If the exercise of the right to an obligatory share in the inheritance entails the inability to transfer to the heir by testament property that the obligatory heir did not use during the life of the testator, and the heir used by testament to live (apartment building, apartment, other dwelling, cottage, etc. ) or used as the main source of livelihood (tools, a creative workshop, etc.), the court may, taking into account the property status of heirs with the right to an obligatory share, reduce the size of the required share.
Any restrictions and encumbrances established in a will for an heir who has the right to an obligatory share in an inheritance are valid only in relation to that part of the inheritance that passes to him that exceeds the obligatory share.

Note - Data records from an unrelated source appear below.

(* Let $X,Y$ be Banach spaces and let $-A$ be the generator of a bounded strongly continuous semigroup $(T(t))_{t\ge0}$ on $X$; assume $A$ is injective and has dense range. Let $C:\mathcal D(A)\to Y$ be bounded (for the graph norm) and infinite-time admissible for $A$, i.e. $\sup_{x\in\mathcal D(A),\|x\|=1}\int_0^\infty\|CT(t)x\|_Y^2\,dt<\infty$. Suppose there exist $\beta\in(0,1)$ and $K,\delta>0$ such that $\|x\|^2\le K^2\int_0^\infty\|(tA)^{-\beta}(T(2t^{2\beta})-T(t^{2\beta}))x\|^2\,\frac{dt}{t}$ for all $x\in X$ and $\|CA^{-(1-\beta)}x\|_Y\ge\delta\|x\|$ for all $x\in\mathcal D(A)\cap\mathcal R(A)$ (understood as $\|CA^{-1}x\|_Y\ge\delta\|A^{-\beta}x\|$). Then $C$ is exactly observable for $A$ in infinite time: there is $m>0$ with $m^2\|x\|^2\le\int_0^\infty\|CT(t)x\|_Y^2\,dt$ for all $x\in\mathcal D(A)$.
   Context: $\mathcal D(A)$, $\mathcal R(A)$ denote domain and range of $A$. $A^{-\gamma}$ denotes the inverse of the fractional power $A^\gamma$ of the injective sectorial operator $A$, and $(tA)^{-\beta}=t^{-\beta}A^{-\beta}$. *)

theory Defs
  imports "HOL-Analysis.Analysis"
begin

definition C0_semigroup :: "(real \<Rightarrow> 'a::banach \<Rightarrow>\<^sub>L 'a) \<Rightarrow> bool" where
  "C0_semigroup T \<longleftrightarrow> T 0 = id_blinfun
     \<and> (\<forall>s\<ge>0. \<forall>t\<ge>0. T (s + t) = T s o\<^sub>L T t)
     \<and> (\<forall>x. continuous_on {0..} (\<lambda>t. blinfun_apply (T t) x))"

definition bounded_semigroup :: "(real \<Rightarrow> 'a::banach \<Rightarrow>\<^sub>L 'a) \<Rightarrow> bool" where
  "bounded_semigroup T \<longleftrightarrow> (\<exists>M. \<forall>t\<ge>0. norm (T t) \<le> M)"

text \<open>The operator A such that -A is the generator of T: domain and action.\<close>
definition ngen_dom :: "(real \<Rightarrow> 'a::banach \<Rightarrow>\<^sub>L 'a) \<Rightarrow> 'a set" where
  "ngen_dom T = {x. \<exists>y. ((\<lambda>h. (1 / h) *\<^sub>R (x - blinfun_apply (T h) x)) \<longlongrightarrow> y) (at_right 0)}"

definition ngen :: "(real \<Rightarrow> 'a::banach \<Rightarrow>\<^sub>L 'a) \<Rightarrow> 'a \<Rightarrow> 'a" where
  "ngen T x = Lim (at_right 0) (\<lambda>h. (1 / h) *\<^sub>R (x - blinfun_apply (T h) x))"

definition ngen_inv :: "(real \<Rightarrow> 'a::banach \<Rightarrow>\<^sub>L 'a) \<Rightarrow> 'a \<Rightarrow> 'a" where
  "ngen_inv T x = (THE y. y \<in> ngen_dom T \<and> ngen T y = x)"

definition resolv :: "(real \<Rightarrow> 'a::banach \<Rightarrow>\<^sub>L 'a) \<Rightarrow> real \<Rightarrow> 'a \<Rightarrow> 'a" where
  "resolv T l y = (THE x. x \<in> ngen_dom T \<and> l *\<^sub>R x + ngen T x = y)"

definition balakrishnan :: "(real \<Rightarrow> 'a::banach \<Rightarrow>\<^sub>L 'a) \<Rightarrow> real \<Rightarrow> 'a \<Rightarrow> 'a" where
  "balakrishnan T \<alpha> x = (sin (pi * \<alpha>) / pi) *\<^sub>R
     integral {0<..} (\<lambda>l. (l powr (\<alpha> - 1)) *\<^sub>R ngen T (resolv T l x))"

text \<open>Graph of the fractional power A^alpha (0 < alpha < 1): the closure of the
  Balakrishnan operator defined on D(A).\<close>
definition frac_pow_graph :: "(real \<Rightarrow> 'a::banach \<Rightarrow>\<^sub>L 'a) \<Rightarrow> real \<Rightarrow> ('a \<times> 'a) set" where
  "frac_pow_graph T \<alpha> = closure {(x, balakrishnan T \<alpha> x) | x. x \<in> ngen_dom T}"

definition frac_neg_pow :: "(real \<Rightarrow> 'a::banach \<Rightarrow>\<^sub>L 'a) \<Rightarrow> real \<Rightarrow> 'a \<Rightarrow> 'a" where
  "frac_neg_pow T \<alpha> u = (THE v. (v, u) \<in> frac_pow_graph T \<alpha>)"

end

theory Submission
  imports Defs
begin

text \<open>For x in D(A) and s > 0 the increment T(2s)x - T(s)x is A applied to minus the orbit integral
  z = \<integral>_s^{2s} T(r)x dr, so the lower bound on C A^{-1} gives
  \<delta> |A^{-\<beta>}(T(2s)x - T(s)x)| \<le> |C z| \<le> (s \<integral>_s^{2s} |C T(r)x|^2 dr)^{1/2};
  here C may be moved under the integral because it is bounded for the graph norm, for which the
  orbit integral is a limit of Riemann sums. Put s = t^{2\<beta>} in the square function estimate and
  exchange the order of integration: a fixed r lies in the window [t^{2\<beta>}, 2t^{2\<beta>}] exactly for
  t in [(r/2)^{1/(2\<beta>)}, r^{1/(2\<beta>)}], a set of dt/t-measure ln 2/(2\<beta>). Hence
  |x|^2 \<le> K^2 ln 2/(2\<beta>\<delta>^2) \<integral>_0^\<infinity> |C T(r)x|^2 dr.\<close>

lemma norm_integral_minus_scaleR_le:
  fixes g :: "real \<Rightarrow> 'a::banach"
  assumes cont: "continuous_on {c..c+h} g" and h: "0 \<le> h"
    and close: "\<And>r. r \<in> {c..c+h} \<Longrightarrow> norm (g r - g c) \<le> e"
  shows "norm (integral {c..c+h} g - h *\<^sub>R g c) \<le> h * e"
proof -
  have int: "g integrable_on {c..c+h}" using cont by (rule integrable_continuous_real)
  have "integral {c..c+h} g - h *\<^sub>R g c = integral {c..c+h} (\<lambda>r. g r - g c)"
    using int h by (subst integral_diff) auto
  also have "norm \<dots> \<le> integral {c..c+h} (\<lambda>r. e)"
    by (rule integral_norm_bound_integral) (auto intro: integrable_diff int close)
  also have "\<dots> = h * e" using h by simp
  finally show ?thesis .
qed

The heir may be deprived of an obligatory share in the inheritance if he is deemed unworthy. Only the court can recognize the heir as unworthy upon the application of the person for whom the removal of the inheritance of another person gives rise to property consequences related to inheritance: by a person interested in calling for inheritance or in increasing the share of the inheritance, by the consignee or by a person whose rights and legitimate interests may be affected by the transfer of inheritance property.
The legislation does not contain rules that would prevent the possibility of refusal of an obligatory share in the inheritance. But you can refuse only unconditionally, and not in favor of another heir. This is due to the fact that the right to an obligatory share is the exclusive right of the obligatory heir and is inextricably linked with his personality.
Our Law Office has extensive experience in probate in the Republic of Belarus. Our lawyers will advise you on all issues of the law of succession of Belarus, as well as represent your interests in state bodies and courts of Belarus.